風沢中孚(ふうたくちゅうふ)~卵を温める親鳥~

61.風沢中孚(ふうたくちゅうふ)

「卵を温める親鳥」

この卦が表すもの

「沢」の卦の上に「風」があります。「中孚」とは、真心のことで、心の中心から誠実さが満ちあふれている様子をいいます。「孚」という文字は、「爪」と「子」という漢字が組み合わされて成り立っています。ここでは親鳥が卵をかえすために温めながら、時折爪で卵を動かして適温を保ち、守る様子を表しています。

この卦が私たちに教えること

鳥の爪は尖っていて、本来は獲物をつかんだり、枝にとまったりできるようになっています。卵を孵化させるために、親鳥は爪で壊さないように卵に動かして温め、かえし育てていきます。誰からも教わったわけでもない親鳥の様子は、人々に感銘を与えます。真の愛情がこもった誠心誠意の行動と、固い信念があれば、大きなことが成し遂げられると教えています。

会社のトップで、社員を自分の家族(=子)ととらえて経営されている方にお会いすることがありますが、まさにこの卦を実践している方です。ただ、ここでは見返りを求めずに行えているのか否かがポイントです。「これだけよくしているのだから、このくらいやってくれて当然だ」という気持ちが少しでもあれば、所属する社員は敏感に察知し、いざというときには離れていきます。この中孚の真心から出た行動をしていたなら、どんな苦難が来ても人が離れることはなく、力を合わせて乗り越えていけると教えています。

この卦が出たあなたへ

現在のあなたは、卵を抱く親鳥と同じ状況で、何よりも慎重さが求められるときです。望みや願いは卵であり、うまく温めることができれば、ひなをかえすことができますが、うっかり取り落としてしまう怖れもあります。ご自身の誠実さと努力によって、成功を収めることができます。
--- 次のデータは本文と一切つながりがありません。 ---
(* Let $\gamma,\sigma:[a,b]\to V$ be continuous paths of bounded variation and let $f:(-\pi,\pi)\to\mathbb{C}$ be bounded and integrable with Fourier coefficients $\phi_k=\frac1{2\pi}\int_{-\pi}^\pi f(x)e^{-ikx}dx$, $k\in\mathbb{Z}$. (1) If $\phi_k=0$ for all $k<0$, then $K_\phi^{\gamma,\sigma}(s,t)=\frac1{2\pi}\int_{-\pi}^\pi K^{e^{-ix}\gamma,\sigma}(s,t)f(x)\,dx$. (2) Suppose $f$ is real-valued with real Fourier series $f=a_0+\sum_{k\ge1}a_k\cos(k\cdot)+\sum_{k\ge1}b_k\sin(k\cdot)$, $a_k,b_k\in\mathbb{R}$. If $\langle p,q\rangle_\phi:=\sum_{k\ge0}a_k\langle p_k,q_k\rangle_k$ and $K_\phi^{\gamma,\sigma}(s,t):=\langle S(\gamma)_{a,s},S(\sigma)_{a,t}\rangle_\phi$, then \[ K_\phi^{\gamma,\sigma}(s,t)=\frac1\pi\int_{-\pi}^\pi\mathcal{R}K_x^{\gamma,\sigma}(s,t)f(x)\,dx-a_0, \] where $\mathcal{R}K_x^{\gamma,\sigma}(s,t)=\operatorname{Re}K^{e^{ix}\gamma,\sigma}(s,t)$.
   Context: $V$ is a finite-dimensional real inner product space, $\langle\cdot,\cdot\rangle_k$ the induced Hilbert–Schmidt inner product on $V^{\otimes k}$. Signature: $S(\gamma)^0=1$, $S(\gamma)^k_{s,t}=\int_{s<u_1<\dots<u_k<t}d\gamma_{u_1}\otimes\cdots\otimes d\gamma_{u_k}$; $p_k$ is the degree-$k$ component of $p$. Write $c_k(s,t)=\langle S(\gamma)^k_{a,s},S(\sigma)^k_{a,t}\rangle_k$. In (1), $K_\phi^{\gamma,\sigma}(s,t)=\sum_{k\in\mathbb{Z}}\phi_kc_{|k|}(s,t)$. For $w\in\mathbb{C}$, $K^{w\gamma,\sigma}(s,t):=\sum_{k\ge0}w^kc_k(s,t)$. *)

theory Defs
  imports "HOL-Analysis.Analysis"
begin

definition tagged_partition_of :: "real \<Rightarrow> real \<Rightarrow> nat \<Rightarrow> (nat \<Rightarrow> real) \<Rightarrow> (nat \<Rightarrow> real) \<Rightarrow> bool" where
  "tagged_partition_of a b n x xi \<longleftrightarrow>
     x 0 = a \<and> x n = b \<and> (\<forall>i<n. x i \<le> xi i \<and> xi i \<le> x (Suc i))"

definition bounded_variation_on :: "real \<Rightarrow> real \<Rightarrow> (real \<Rightarrow> 'v::real_normed_vector) \<Rightarrow> bool" where
  "bounded_variation_on a b g \<longleftrightarrow>
     (\<exists>B. \<forall>n x. x 0 = a \<and> x n = b \<and> (\<forall>i<n. x i \<le> x (Suc i)) \<longrightarrow>
        (\<Sum>i<n. norm (g (x (Suc i)) - g (x i))) \<le> B)"

definition has_RS_integral :: "(real \<Rightarrow> real) \<Rightarrow> (real \<Rightarrow> real) \<Rightarrow> real \<Rightarrow> real \<Rightarrow> real \<Rightarrow> bool" where
  "has_RS_integral f g a b I \<longleftrightarrow>
     (\<forall>\<epsilon>>0. \<exists>\<delta>>0. \<forall>n x xi. tagged_partition_of a b n x xi \<and> (\<forall>i<n. x (Suc i) - x i < \<delta>) \<longrightarrow>
        \<bar>(\<Sum>i<n. f (xi i) * (g (x (Suc i)) - g (x i))) - I\<bar> < \<epsilon>)"

definition RS_integral :: "(real \<Rightarrow> real) \<Rightarrow> (real \<Rightarrow> real) \<Rightarrow> real \<Rightarrow> real \<Rightarrow> real" where
  "RS_integral f g a b = (THE I. has_RS_integral f g a b I)"

text \<open>Signature coefficients: sig_rev \<gamma> a t w is the coefficient of the degree-|w| signature
  S(\<gamma>)_{a,t} at the basis tensor e_{w_k} \<otimes> ... \<otimes> e_{w_1} (word w read in reverse), i.e.
  the last letter of the (reversed) word is integrated last.\<close>
fun sig_rev :: "(real \<Rightarrow> 'v::euclidean_space) \<Rightarrow> real \<Rightarrow> real \<Rightarrow> 'v list \<Rightarrow> real" where
  "sig_rev \<gamma> a t [] = 1"
| "sig_rev \<gamma> a t (e # w) = RS_integral (\<lambda>u. sig_rev \<gamma> a u w) (\<lambda>u. \<gamma> u \<bullet> e) a t"

text \<open>Coefficient of S(\<gamma>)^k_{a,t} at e_{i_1} \<otimes> ... \<otimes> e_{i_k} for the word w = [e_{i_1},...,e_{i_k}]:
  \<integral>_{a<u_1<...<u_k<t} d\<gamma>^{i_1}_{u_1} ... d\<gamma>^{i_k}_{u_k}.\<close>
definition sig_coeff :: "(real \<Rightarrow> 'v::euclidean_space) \<Rightarrow> real \<Rightarrow> real \<Rightarrow> 'v list \<Rightarrow> real" where
  "sig_coeff \<gamma> a t w = sig_rev \<gamma> a t (rev w)"

text \<open>Words of length k in the orthonormal basis of V (basis of V^{\<otimes>k}).\<close>
definition words :: "nat \<Rightarrow> 'v::euclidean_space list set" where
  "words k = {w. set w \<subseteq> Basis \<and> length w = k}"

text \<open>c_k(s,t) = <S(\<gamma>)^k_{a,s}, S(\<sigma>)^k_{a,t}>_k (Hilbert--Schmidt inner product, computed in the
  orthonormal product basis).\<close>
definition sig_ip :: "(real \<Rightarrow> 'v::euclidean_space) \<Rightarrow> (real \<Rightarrow> 'v) \<Rightarrow> real \<Rightarrow> nat \<Rightarrow> real \<Rightarrow> real \<Rightarrow> real" where
  "sig_ip \<gamma> \<sigma> a k s t = (\<Sum>w\<in>words k. sig_coeff \<gamma> a s w * sig_coeff \<sigma> a t w)"

definition fourier_coeff :: "(real \<Rightarrow> complex) \<Rightarrow> int \<Rightarrow> complex" where
  "fourier_coeff f k = integral {-pi<..<pi} (\<lambda>x. f x * cis (- (of_int k * x))) / (2 * pi)"

definition K_phi :: "(int \<Rightarrow> complex) \<Rightarrow> (real \<Rightarrow> 'v::euclidean_space) \<Rightarrow> (real \<Rightarrow> 'v) \<Rightarrow> real \<Rightarrow> real \<Rightarrow> real \<Rightarrow> complex" where
  "K_phi \<phi> \<gamma> \<sigma> a s t = (\<Sum>\<^sub>\<infinity>k\<in>(UNIV::int set). \<phi> k * of_real (sig_ip \<gamma> \<sigma> a (nat \<bar>k\<bar>) s t))"

definition K_scaled :: "complex \<Rightarrow> (real \<Rightarrow> 'v::euclidean_space) \<Rightarrow> (real \<Rightarrow> 'v) \<Rightarrow> real \<Rightarrow> real \<Rightarrow> real \<Rightarrow> complex" where
  "K_scaled w \<gamma> \<sigma> a s t = (\<Sum>k. w ^ k * of_real (sig_ip \<gamma> \<sigma> a k s t))"

definition fourier_cos :: "(real \<Rightarrow> real) \<Rightarrow> nat \<Rightarrow> real" where
  "fourier_cos f k = (if k = 0 then integral {-pi<..<pi} f / (2 * pi)
                      else integral {-pi<..<pi} (\<lambda>x. f x * cos (real k * x)) / pi)"

definition fourier_sin :: "(real \<Rightarrow> real) \<Rightarrow> nat \<Rightarrow> real" where
  "fourier_sin f k = integral {-pi<..<pi} (\<lambda>x. f x * sin (real k * x)) / pi"

definition K_phi_real :: "(nat \<Rightarrow> real) \<Rightarrow> (real \<Rightarrow> 'v::euclidean_space) \<Rightarrow> (real \<Rightarrow> 'v) \<Rightarrow> real \<Rightarrow> real \<Rightarrow> real \<Rightarrow> real" where
  "K_phi_real ak \<gamma> \<sigma> a s t = (\<Sum>k. ak k * sig_ip \<gamma> \<sigma> a k s t)"

end

theory Submission
  imports Defs
begin

text \<open>The signature coefficients are iterated Riemann--Stieltjes integrals. Such integrals of
  uniformly continuous integrands against paths of bounded variation exist (Cauchy criterion
  via common refinements of partitions), and by induction on the word length a coefficient of
  degree k is a uniformly continuous function of t bounded by V(t)^k/k!, V(t) being the
  variation of the path on [a, t]. Hence |c_k(s, t)| \<le> C^k/k!, so the power series
  K^{w\<gamma>,\<sigma>} = \<Sum> w^k c_k converges absolutely and uniformly on the unit circle, and may be
  integrated termwise against f by dominated convergence. The k-th term then contributes
  2\<pi> \<phi>_k c_k, respectively \<pi> a_k c_k for the cosine series, except that the constant term
  contributes 2\<pi> a_0 c_0 = 2\<pi> a_0, which explains the correction - a_0 in (2).\<close>

section \<open>Partitions and variation\<close>

definition partition_of :: "real \<Rightarrow> real \<Rightarrow> nat \<Rightarrow> (nat \<Rightarrow> real) \<Rightarrow> bool" where
  "partition_of c d n x \<longleftrightarrow> x 0 = c \<and> x n = d \<and> (\<forall>i<n. x i \<le> x (Suc i))"

definition variation_sum :: "(real \<Rightarrow> 'v::real_normed_vector) \<Rightarrow> (nat \<Rightarrow> real) \<Rightarrow> nat \<Rightarrow> real" where
  "variation_sum g x n = (\<Sum>i<n. norm (g (x (Suc i)) - g (x i)))"

definition variation :: "(real \<Rightarrow> 'v::real_normed_vector) \<Rightarrow> real \<Rightarrow> real \<Rightarrow> real" where
  "variation g c d = Sup {variation_sum g x n | x n. partition_of c d n x}"

lemma bounded_variation_on_iff:
  "bounded_variation_on c d g \<longleftrightarrow> (\<exists>B. \<forall>n x. partition_of c d n x \<longrightarrow> variation_sum g x n \<le> B)"
  unfolding bounded_variation_on_def partition_of_def variation_sum_def by blast

lemma bounded_variation_on_iff_bdd_above:
  "bounded_variation_on c d g \<longleftrightarrow> bdd_above {variation_sum g x n | x n. partition_of c d n x}"
  unfolding bounded_variation_on_iff bdd_above_def by blast

lemma tagged_partition_of_iff:
  "tagged_partition_of c d n x \<xi> \<longleftrightarrow> partition_of c d n x \<and> (\<forall>i<n. x i \<le> \<xi> i \<and> \<xi> i \<le> x (Suc i))"
proof -
  have "x i \<le> x (Suc i)" if "x i \<le> \<xi> i \<and> \<xi> i \<le> x (Suc i)" for i
    using that by linarith
  then show ?thesis unfolding tagged_partition_of_def partition_of_def by blast
qed

lemma partition_of_mono:
  assumes "partition_of c d n x" "i \<le> j" "j \<le> n"
  shows "x i \<le> x j"
proof (rule lift_Suc_mono_le_ivl[where N="{..<n}"])
  show "x k \<le> x (Suc k)" if "k \<in> {..<n}" for k
    using assms(1) that unfolding partition_of_def by blast
qed (use assms in auto)

lemma partition_of_bounds:
  assumes "partition_of c d n x" "i \<le> n"
  shows "c \<le> x i" "x i \<le> d"
  using partition_of_mono[OF assms(1), of 0 i] partition_of_mono[OF assms(1), of i n] assms
  unfolding partition_of_def by auto

lemma clamp_real: "c \<le> d \<Longrightarrow> clamp c d (y::real) = min d (max c y)"
  unfolding clamp_def by (simp only: Basis_real_def) (simp add: min_def max_def)

lemma clamp_real_mono: "c \<le> d \<Longrightarrow> y \<le> z \<Longrightarrow> clamp c d y \<le> clamp c d (z::real)"
  unfolding clamp_real by (intro min.mono max.mono) auto

lemma partition_of_clamp:
  assumes "partition_of a b n x" "a \<le> c" "c \<le> d" "d \<le> b"
  shows "partition_of c d n (\<lambda>i. clamp c d (x i))"
  unfolding partition_of_def
proof (intro conjI allI impI)
  show "clamp c d (x 0) = c" "clamp c d (x n) = d"
    using assms unfolding partition_of_def by (simp_all add: clamp_real)
  show "clamp c d (x i) \<le> clamp c d (x (Suc i))" if "i < n" for i
    using assms that unfolding partition_of_def by (intro clamp_real_mono) auto
qed

lemma variation_sum_le_increment:
  fixes g :: "real \<Rightarrow> 'v::real_normed_vector"
  assumes "partition_of c d n x"
    and "\<And>u v. c \<le> u \<Longrightarrow> u \<le> v \<Longrightarrow> v \<le> d \<Longrightarrow> norm (g v - g u) \<le> W v - W u"
  shows "variation_sum g x n \<le> W d - W c"
proof -
  have "variation_sum g x n \<le> (\<Sum>i<n. W (x (Suc i)) - W (x i))"
    unfolding variation_sum_def using assms partition_of_bounds[OF assms(1)]
    by (intro sum_mono) (auto simp: partition_of_def)
  also have "\<dots> = W d - W c"
    using assms(1) sum_lessThan_telescope[of "\<lambda>i. W (x i)"] by (simp add: partition_of_def)
  finally show ?thesis .
qed

lemma variation_sum_split_at:
  fixes g :: "real \<Rightarrow> 'v::real_normed_vector"
  assumes "partition_of p q n x" "p \<le> c" "c \<le> q"
  shows "variation_sum g x n \<le>
    variation_sum g (\<lambda>i. clamp p c (x i)) n + variation_sum g (\<lambda>i. clamp c q (x i)) n"
proof -
  have norm_diff_split: "norm (g v - g u) \<le>
      norm (g (clamp p c v) - g (clamp p c u)) + norm (g (clamp c q v) - g (clamp c q u))"
    if "p \<le> u" "u \<le> v" "v \<le> q" for u v
  proof (cases "u < c \<and> c < v")
    case True
    then show ?thesis
      using that assms norm_triangle_ineq[of "g c - g u" "g v - g c"] by (simp add: clamp_real)
  next
    case False
    then consider "v \<le> c" | "c \<le> u" by linarith
    then show ?thesis using that assms by cases (simp_all add: clamp_real)
  qed
  show ?thesis
    unfolding variation_sum_def sum.distrib[symmetric]
    using assms partition_of_bounds[OF assms(1)]
    by (intro sum_mono norm_diff_split) (auto simp: partition_of_def)
qed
仕事や事業では、それぞれに個性のある人々が互いに誠意を尽くして行う共同事業が吉です。

男女の人間関係では、理想的な「相思相愛」の卦です。この卦の形を見ると、上と下の卦で口をつけ合ってキスをしているように見えます。易に通じていた幸田露伴も中孚を接吻の形、と言っていたそうです。

願望は真摯に求めればかないます。その一方で、日常生活では集中力にかけ、手抜かりが出やすいので注意してください。